А Манюшка нежно кудахтала:
— Гостенёчки дорогие! Милые вы мои! Люблю-то я как вас! Молодые-то вы какие! Радость-то вы какую приносите! Словно солнышко в комнатке у нас играет. — И с огорчением и тоской в лице жаловалась: — Только вот сестрица Офимья страмит меня за это удовольствие: «Я вот молюсь, говорит, смерть у меня в доме-то, а у тебя — пляс да веселье. Лестовка у меня из рук валится, и злоблюсь я, грех ещё больше на душу мне наводишь. Нет чтобы вместе со мной канун отстоять богородице… Гляди, Марья, беда-то ведь не дремлет…» — «Меня, говорю, Офимьюшка, богородица простит: она ведь тоже радость любит. Не спроста мы ей молитву творим: „Богородица-дево, радуйся… благословенна ты в женах…“»
Гости смеялись.
Мара, чёрненькая, маленькая, с завитым чубиком, с горячими карими глазами и вздёрнутым носом, вертелась по комнатке, поправляла волосы и говорила грудным, задорным голосом, широко и звучно упирая на «а»:
— Афимья — карга. И Жеребок и она друг другу подстать: он волк и алкоголик, а она ханжа. Вот и сын от чахотки помирает. Не семья, а чума. Этот дом все на версту обходят. Ох, и хочется это чортово гнездо раскидать… или сжечь дотла!..

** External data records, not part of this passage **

definition is_GkN_rep :: "complex \<Rightarrow> nat \<Rightarrow> nat \<Rightarrow> nat \<Rightarrow> (nat \<Rightarrow> nat \<Rightarrow> complex mat) \<Rightarrow> bool" where
  "is_GkN_rep p k N d rho \<longleftrightarrow>
     (\<forall>i m. i \<le> k \<longrightarrow> m \<le> N \<longrightarrow> rho i m \<in> carrier_mat d d) \<and>
     (\<forall>i m j n. i \<le> k \<longrightarrow> m \<le> N \<longrightarrow> j \<le> k \<longrightarrow> n \<le> N \<longrightarrow>
        rho i m * rho j n - rho j n * rho i m =
          (if i + j \<le> k \<and> m + n \<le> N
           then gcoef p i m j n \<cdot>\<^sub>m rho (i + j) (m + n)
           else 0\<^sub>m d d))"

definition cvec_subspace :: "nat \<Rightarrow> complex vec set \<Rightarrow> bool" where
  "cvec_subspace d W \<longleftrightarrow> W \<subseteq> carrier_vec d \<and> 0\<^sub>v d \<in> W \<and>
     (\<forall>v\<in>W. \<forall>w\<in>W. v + w \<in> W) \<and> (\<forall>c. \<forall>v\<in>W. c \<cdot>\<^sub>v v \<in> W)"

definition GkN_submodule :: "nat \<Rightarrow> nat \<Rightarrow> nat \<Rightarrow> (nat \<Rightarrow> nat \<Rightarrow> complex mat) \<Rightarrow> complex vec set \<Rightarrow> bool" where
  "GkN_submodule k N d rho W \<longleftrightarrow> cvec_subspace d W \<and>
     (\<forall>i m. i \<le> k \<longrightarrow> m \<le> N \<longrightarrow> (\<forall>v\<in>W. rho i m *\<^sub>v v \<in> W))"

definition GkN_irreducible :: "nat \<Rightarrow> nat \<Rightarrow> nat \<Rightarrow> (nat \<Rightarrow> nat \<Rightarrow> complex mat) \<Rightarrow> bool" where
  "GkN_irreducible k N d rho \<longleftrightarrow> d > 0 \<and>
     (\<forall>W. GkN_submodule k N d rho W \<longrightarrow> W = {0\<^sub>v d} \<or> W = carrier_vec d)"
(* (i) For every constant $C > e^2$, $g(r^{(\log C)/2}, r^{r/(2C)}) \le r$ for all sufficiently large $r$. (ii) For every constant $\varepsilon>0$, $g(2^{\varepsilon \log^2 r}, 2^{r^{1-\varepsilon}}) \le r$ for all sufficiently large $r$. (iii) There exists a positive constant $c$ such that $g(cr^2, r^{r^2/2}/e^{r^2}) \le r$ for all sufficiently large $r$.
   Context: All logarithms are base 2; non-integer arguments are understood to be rounded to integers (the paper omits floor and ceiling signs). For positive integers $m,n$, the grid graph $\Gamma_{m,n}$ is the graph on vertex set $[m]\times[n]$ in which distinct vertices $(i,j),(i',j')$ are adjacent iff $i=i'$ or $j=j'$. A rectangle is the induced subgraph on $\{(i,j),(i',j),(i,j'),(i',j')\}$ with $i<i'$, $j<j'$; in an edge coloring it is alternating if $\{(i,j),(i',j)\}$ and $\{(i,j'),(i',j')\}$ have the same color and $\{(i,j),(i,j')\}$ and $\{(i',j),(i',j')\}$ have the same color. $g(m,n)$ is the minimum integer $r$ for which there exists an edge coloring of $\Gamma_{m,n}$ with $r$ colors containing no alternating rectangle. *)

theory Defs
  imports Complex_Main
begin
lemma join_E_subset_graph_edges:
  fixes c :: "'a \<Rightarrow> 'c" and d :: "'b \<Rightarrow> 'd" and f :: "'c \<Rightarrow> 'e" and g :: "'d \<Rightarrow> 'e"
  assumes f: "inj f" and g: "inj g" and fg: "\<And>a b. f a \<noteq> g b"
  defines "part \<equiv> case_sum (f \<circ> c) (g \<circ> d)"
  shows "join_E V (graph_edges V (\<lambda>a b. c a \<noteq> c b)) W (graph_edges W (\<lambda>a b. d a \<noteq> d b))
    \<subseteq> graph_edges (join_V V W) (\<lambda>u v. part u \<noteq> part v)"
proof
  fix e assume "e \<in> join_E V (graph_edges V (\<lambda>a b. c a \<noteq> c b)) W (graph_edges W (\<lambda>a b. d a \<noteq> d b))"
  then consider a b where "e = {Inl a, Inl b}" "a \<in> V" "b \<in> V" "c a \<noteq> c b"
    | a b where "e = {Inr a, Inr b}" "a \<in> W" "b \<in> W" "d a \<noteq> d b"
    | a b where "e = {Inl a, Inr b}" "a \<in> V" "b \<in> W"
    unfolding join_E_def graph_edges_def by blast
  then show "e \<in> graph_edges (join_V V W) (\<lambda>u v. part u \<noteq> part v)"
  proof cases
    case 1
    with f show ?thesis
      by (auto simp: part_def join_V_def dest: injD intro!: graph_edgesI)
  next
    case 2
    with g show ?thesis
      by (auto simp: part_def join_V_def dest: injD intro!: graph_edgesI)
  next
    case 3
    with fg show ?thesis
      by (auto simp: part_def join_V_def intro!: graph_edgesI)
  qed
qed

lemma graph_edges_subset_join_E:
  fixes c :: "'a \<Rightarrow> 'c" and d :: "'b \<Rightarrow> 'd" and f :: "'c \<Rightarrow> 'e" and g :: "'d \<Rightarrow> 'e"
  defines "part \<equiv> case_sum (f \<circ> c) (g \<circ> d)"
  shows "graph_edges (join_V V W) (\<lambda>u v. part u \<noteq> part v)
    \<subseteq> join_E V (graph_edges V (\<lambda>a b. c a \<noteq> c b)) W (graph_edges W (\<lambda>a b. d a \<noteq> d b))"
proof
  fix e assume "e \<in> graph_edges (join_V V W) (\<lambda>u v. part u \<noteq> part v)"
  then obtain u v where e: "e = {u, v}" and uv: "u \<in> join_V V W" "v \<in> join_V V W" "part u \<noteq> part v"
    unfolding graph_edges_def by blast
  show "e \<in> join_E V (graph_edges V (\<lambda>a b. c a \<noteq> c b)) W (graph_edges W (\<lambda>a b. d a \<noteq> d b))"
  proof (cases u; cases v)
    fix a b assume "u = Inl a" "v = Inl b"
    with uv have "{a, b} \<in> graph_edges V (\<lambda>a b. c a \<noteq> c b)"
      by (auto simp: part_def join_V_def intro!: graph_edgesI)
    then have "Inl ` {a, b} \<in> (\<lambda>e. Inl ` e) ` graph_edges V (\<lambda>a b. c a \<noteq> c b)"
      by (rule imageI)
    then show ?thesis
      unfolding e join_E_def using \<open>u = Inl a\<close> \<open>v = Inl b\<close> by (intro UnI1[OF UnI1]) simp
  next
    fix a b assume "u = Inl a" "v = Inr b"
    with uv show ?thesis
      unfolding e join_E_def join_V_def by blast
  next
    fix a b assume "u = Inr a" "v = Inl b"
    with uv show ?thesis
      unfolding e join_E_def join_V_def by (auto simp: insert_commute)
  next
    fix a b assume "u = Inr a" "v = Inr b"
    with uv have "{a, b} \<in> graph_edges W (\<lambda>a b. d a \<noteq> d b)"
      by (auto simp: part_def join_V_def intro!: graph_edgesI)
    then have "Inr ` {a, b} \<in> (\<lambda>e. Inr ` e) ` graph_edges W (\<lambda>a b. d a \<noteq> d b)"
      by (rule imageI)
    then show ?thesis
      unfolding e join_E_def using \<open>u = Inr a\<close> \<open>v = Inr b\<close> by (intro UnI1[OF UnI2]) simp
  qed
qed

definition join_part :: "(nat + nat) + (nat + nat) \<Rightarrow> nat" where
  "join_part = case_sum (\<lambda>a. if isl a then 0 else 1) (\<lambda>b. if isl b then 2 else 3)"

lemma join_E_Kbip_eq_graph_edges:
  "join_E (Kbip_V m n) (Kbip_E m n) (Kbip_V p q) (Kbip_E p q)
    = graph_edges (join_V (Kbip_V m n) (Kbip_V p q)) (\<lambda>u v. join_part u \<noteq> join_part v)"
proof -
  let ?f = "\<lambda>b. if b then 0 else 1 :: nat" and ?g = "\<lambda>b. if b then 2 else 3 :: nat"
  have part: "join_part = case_sum (?f \<circ> isl) (?g \<circ> isl)"
    by (auto simp: join_part_def fun_eq_iff split: sum.split)
  show ?thesis
    unfolding Kbip_E_eq_graph_edges part
    by (intro equalityI join_E_subset_graph_edges graph_edges_subset_join_E)
      (auto simp: inj_def split: if_splits)
qed

text \<open>The first vertex of each side of \<open>K\<^sub>m\<^sub>,\<^sub>n \<or> K\<^sub>p\<^sub>,\<^sub>q\<close> gets the label of its side,
  as \<open>block_labelling\<close> requires; the other vertices fill \<open>4, 5, \<dots>\<close> side by side.\<close>
definition join_label :: "nat \<Rightarrow> nat \<Rightarrow> nat \<Rightarrow> (nat + nat) + (nat + nat) \<Rightarrow> nat" where
  "join_label m n p v = (case v of
      Inl (Inl i) \<Rightarrow> if i = 0 then 0 else 3 + i
    | Inl (Inr j) \<Rightarrow> if j = 0 then 1 else 2 + m + j
    | Inr (Inl i) \<Rightarrow> if i = 0 then 2 else 1 + m + n + i
    | Inr (Inr j) \<Rightarrow> if j = 0 then 3 else m + n + p + j)"

definition join_block :: "nat \<Rightarrow> nat \<Rightarrow> nat \<Rightarrow> nat \<Rightarrow> nat" where
  "join_block m n p i = (if i < 4 then i else if i < 3 + m then 0 else if i < 2 + m + n then 1
     else if i < 1 + m + n + p then 2 else 3)"

lemma mem_join_V_Kbip:
  "v \<in> join_V (Kbip_V m n) (Kbip_V p q) \<longleftrightarrow>
    (case v of Inl (Inl i) \<Rightarrow> i < m | Inl (Inr j) \<Rightarrow> j < n | Inr (Inl i) \<Rightarrow> i < p | Inr (Inr j) \<Rightarrow> j < q)"
  unfolding join_V_def Kbip_V_def by (auto split: sum.splits)

lemma card_join_V_Kbip: "card (join_V (Kbip_V m n) (Kbip_V p q)) = m + n + p + q"
  unfolding join_V_def Kbip_V_def Plus_def[symmetric] by (simp add: card_Plus)

context
  fixes m n p q :: nat
  assumes pos: "0 < m" "0 < n" "0 < p" "0 < q"
begin

lemma join_label_lt: "v \<in> join_V (Kbip_V m n) (Kbip_V p q) \<Longrightarrow> join_label m n p v < m + n + p + q"
  using pos unfolding mem_join_V_Kbip join_label_def by (auto split: sum.splits)

lemma join_block_join_label:
  "v \<in> join_V (Kbip_V m n) (Kbip_V p q) \<Longrightarrow> join_block m n p (join_label m n p v) = join_part v"
  using pos unfolding mem_join_V_Kbip join_label_def join_block_def join_part_def
  by (auto split: sum.splits)

lemma inj_on_join_label: "inj_on (join_label m n p) (join_V (Kbip_V m n) (Kbip_V p q))"
  using pos unfolding inj_on_def join_label_def by (auto simp: mem_join_V_Kbip split: sum.splits if_splits)

lemma join_label_image:
  "join_label m n p ` join_V (Kbip_V m n) (Kbip_V p q) = {0..<m + n + p + q}"
proof (rule card_subset_eq)
  show "join_label m n p ` join_V (Kbip_V m n) (Kbip_V p q) \<subseteq> {0..<m + n + p + q}"
    using join_label_lt by auto
  show "card (join_label m n p ` join_V (Kbip_V m n) (Kbip_V p q)) = card {0..<m + n + p + q}"
    using card_image[OF inj_on_join_label] card_join_V_Kbip by simp
qed simp

lemma num_spanning_trees_join_Kbip:
  "num_spanning_trees (join_V (Kbip_V m n) (Kbip_V p q))
      (join_E (Kbip_V m n) (Kbip_E m n) (Kbip_V p q) (Kbip_E p q))
    = num_spanning_trees {0..<m + n + p + q}
        (graph_edges {0..<m + n + p + q} (\<lambda>i j. join_block m n p i \<noteq> join_block m n p j))"
proof -
  let ?E = "join_E (Kbip_V m n) (Kbip_E m n) (Kbip_V p q) (Kbip_E p q)"
  have "(`) (join_label m n p) ` ?E
      = graph_edges {0..<m + n + p + q} (\<lambda>i j. join_block m n p i \<noteq> join_block m n p j)"
    unfolding join_E_Kbip_eq_graph_edges join_label_image[symmetric]
    by (rule graph_edges_image[where c = "join_block m n p" and d = join_part,
          OF inj_on_join_label join_block_join_label])
  moreover have "\<forall>e\<in>?E. e \<subseteq> join_V (Kbip_V m n) (Kbip_V p q)"
    unfolding join_E_Kbip_eq_graph_edges graph_edges_def by blast
  ultimately show ?thesis
    using num_spanning_trees_image[OF inj_on_join_label] join_label_image by metis
qed

lemma block_labelling_join_block: "block_labelling (m + n + p + q) 4 (join_block m n p)"
  by unfold_locales (use pos in \<open>auto simp: join_block_def\<close>)

lemma block_size_join_block:
  "block_size (m + n + p + q) (join_block m n p) 0 = m"
  "block_size (m + n + p + q) (join_block m n p) 1 = n"
  "block_size (m + n + p + q) (join_block m n p) 2 = p"
  "block_size (m + n + p + q) (join_block m n p) 3 = q"
proof -
  have "{u. u < m + n + p + q \<and> join_block m n p u = 0} = insert 0 {4..<3 + m}"
    "{u. u < m + n + p + q \<and> join_block m n p u = 1} = insert 1 {3 + m..<2 + m + n}"
    "{u. u < m + n + p + q \<and> join_block m n p u = 2} = insert 2 {2 + m + n..<1 + m + n + p}"
    "{u. u < m + n + p + q \<and> join_block m n p u = 3} = insert 3 {1 + m + n + p..<m + n + p + q}"
    using pos unfolding join_block_def by auto
  with pos show "block_size (m + n + p + q) (join_block m n p) 0 = m"
    "block_size (m + n + p + q) (join_block m n p) 1 = n"
    "block_size (m + n + p + q) (join_block m n p) 2 = p"
    "block_size (m + n + p + q) (join_block m n p) 3 = q"
    unfolding block_size_def by simp_all
qed

end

Манюшка в ужасе взмахивала руками.
— Да что это ты, Марочка! Да как это у тебя язык-то поворачивается? Да у меня сердце обмирает от такой страхоты. Милая ты моя, птичка золотая! Ведь у тебя карахтер-то легонький: ты как чаечка на солнышке летаешь, а такие чёрные мысли в голове носишь… И не говори мне этого — с ума сойду.
Мать сидела в сторонке отчуждённо, застенчиво, наблюдала за гостями с растерянной, застывшей улыбкой и не знала, что делать — не то уйти из комнаты, чтобы не мешать компании, не то помогать Манюшке в её гостеприимных хлопотах. А я сидел в заднем углу на кипе мочал и перечитывал любимую мою нарядную книжку «Руслан и Людмила». Почему-то мне хотелось её читать по праздникам, под звон колоколов. В будни я прятал её, а читал растрёпанные книжки без начала и конца. Эти книжки я покупал у краснолицего и краснобородого лавочника за семишник. У него на прилавке они лежали беспорядочной кучей. Он отрывал из книжек листы и делал из них фунтики. Тут были повести о разбойниках, о каких-то заморских рыцарях, о дурацких похождениях пошехонцев. Хоть я и хохотал над их глупостью, но мне было обидно за мужиков, которые в этой книжке изображались безнадежными остолопами.